The consolidator is a Claude Code routine, a scheduled cloud agent created with /schedule and set up once per account. Each run clones the repo, unlocks it with a git-crypt key supplied through the environment (never written to disk in cleartext, never logged), reads the breadcrumbs for the target window, and writes four kinds of output.

  • Digests. A short summary, per device and per day, of what was worked on.
  • Memories. Declarative facts about me, the project, or external systems, applied automatically. The one exception is inferred behavioral feedback, which is routed to the proposal queue instead.
  • Skill proposals. A reusable technique, proposed only when it recurs across at least two sessions on at least two days, with its provenance attached.
  • CLAUDE.md edits.

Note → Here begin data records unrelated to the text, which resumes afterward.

lemma branch_step_ok: "is_branch r s \<Longrightarrow> s n = Some st \<Longrightarrow> step_ok r (prefix s n) st"
  by (simp add: is_branch_def)

lemma branch_defined_before:
  assumes "is_branch r s" and "s n \<noteq> None" and "m \<le> n"
  shows "s m \<noteq> None"
  using assms(3,2)
proof (induction rule: inc_induct)
  case (step k)
  then show ?case
    using assms(1) by (auto simp: is_branch_def)
qed

lemma step_forms_nonempty: "step_ok r ss st \<Longrightarrow> step_forms st \<noteq> []"
  by (cases st) auto

lemma infinite_branch_nodes_iff:
  assumes "is_branch r s"
  shows "infinite (branch_nodes s) \<longleftrightarrow> (\<forall>n. s n \<noteq> None)"
proof
  assume "\<forall>n. s n \<noteq> None"
  then have "range (\<lambda>n. Some (n, 0)) \<subseteq> branch_nodes s"
    using assms by (force simp: branch_nodes_def dest: branch_step_ok step_forms_nonempty)
  moreover have "inj (\<lambda>n. Some (n, 0::nat))"
    by (simp add: inj_def)
  ultimately show "infinite (branch_nodes s)"
    using inj_on_finite infinite_UNIV_nat by blast
next
  assume "infinite (branch_nodes s)"
  show "\<forall>n. s n \<noteq> None"
  proof (rule ccontr)
    assume "\<not> (\<forall>n. s n \<noteq> None)"
    then obtain N where "s N = None" by blast
    then have "n < N" if "s n \<noteq> None" for n
      using branch_defined_before[OF assms that] by (meson not_less)
    then have "branch_nodes s \<subseteq>
        insert None (Some ` (SIGMA n:{..<N}. {..<length (step_forms (the (s n)))}))"
      by (auto simp: branch_nodes_def)
    then show False
      using \<open>infinite (branch_nodes s)\<close> finite_subset by blast
  qed
qed

lemma Dstep_fresh:
  assumes "is_branch r s" and "s n = Some (Dstep i \<psi> j)"
  shows "j \<notin> nomsof (forms r (prefix s n))"
  using branch_step_ok[OF assms] by (simp add: dia_ok_def)

lemma Dstep_premise:
  assumes "is_branch r s" and "s n = Some (Dstep i \<psi> j)"
  shows "(i, Dia \<psi>) \<in> nonacc r (prefix s n)"
  using branch_step_ok[OF assms] by (simp add: dia_ok_def)

lemma Dstep_of_successor_later:
  assumes b: "is_branch r s"
    and n: "s n = Some (Dstep i \<psi> j)" and m: "s m = Some (Dstep j \<psi>' k)"
  shows "n < m"
proof (rule ccontr)
  assume "\<not> n < m"
  have "(j, Dia \<psi>') \<in> forms r (prefix s m)"
    using Dstep_premise[OF b m] nonacc_subset_forms by blast
  then have "j \<in> nomsof (forms r (prefix s m))"
    using lnoms_subset_nomsof by (fastforce simp: lnoms_def)
  also have "\<dots> \<subseteq> nomsof (forms r (prefix s n))"
    using \<open>\<not> n < m\<close> by (intro nomsof_mono forms_mono set_prefix_mono) simp
  finally show False
    using Dstep_fresh[OF b n] by blast
qed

Proposed changes to a project's instruction file when my actual behavior has drifted from what the file claims.

Anything that changes behavior, meaning feedback rules, skills, and edits to instruction files, is a proposal I resolve with /journal accept, /journal skip, or /journal edit. Plain facts apply on their own. A distilled memory is just markdown with frontmatter.

---
name: terse-responses
description: How the user wants answers formatted
type: feedback
---

Prefer terse, direct answers; skip preamble and restated questions.

**Why:** said multiple times that long lead-ins waste their reading time.
**How to apply:** lead with the answer; add detail only if asked.

Cadence and idempotency

Originally the routine ran once a night and assumed the day to process was "yesterday, in UTC," appending new proposals to a file for that day. To make distilled output reach my other devices faster, I wanted to run it several times a day, and that broke both assumptions.

First, what each run processes changed from "yesterday" to a rolling window of yesterday plus today. A late run still finishes yesterday, while intraday runs refresh today as breadcrumbs accumulate. (An explicit force-date override remains for reprocessing a specific day.)

Second, appending isn't idempotent. Run twice on one day and you duplicate every proposal. So every write became an upsert keyed by its source, a feedback proposal by its originating session, a skill by its name, a digest by its date and device. Running again refreshes the existing entry in place rather than stacking a copy beside it, which is, pleasingly, just reconsolidation, where a recalled memory becomes editable and is stored again rather than duplicated. A run that changes nothing commits nothing, so frequent runs don't litter the history.

The platform sets the bounds. Routines can't run more often than hourly, and there's a daily cap per account (15, on my tier). The scheduler asks how many runs a day I want, keeps it under those limits, and emits a cron expression. Every six hours, for example, looks like this.

30 */6 * * *   # 00:30, 06:30, 12:30, 18:30 local, four runs a day

At least one run is guaranteed to fall after UTC midnight, so yesterday always gets finished. Once a day stays the default, because for most projects it's the right answer, and the rest is there for the ones that move fast across machines.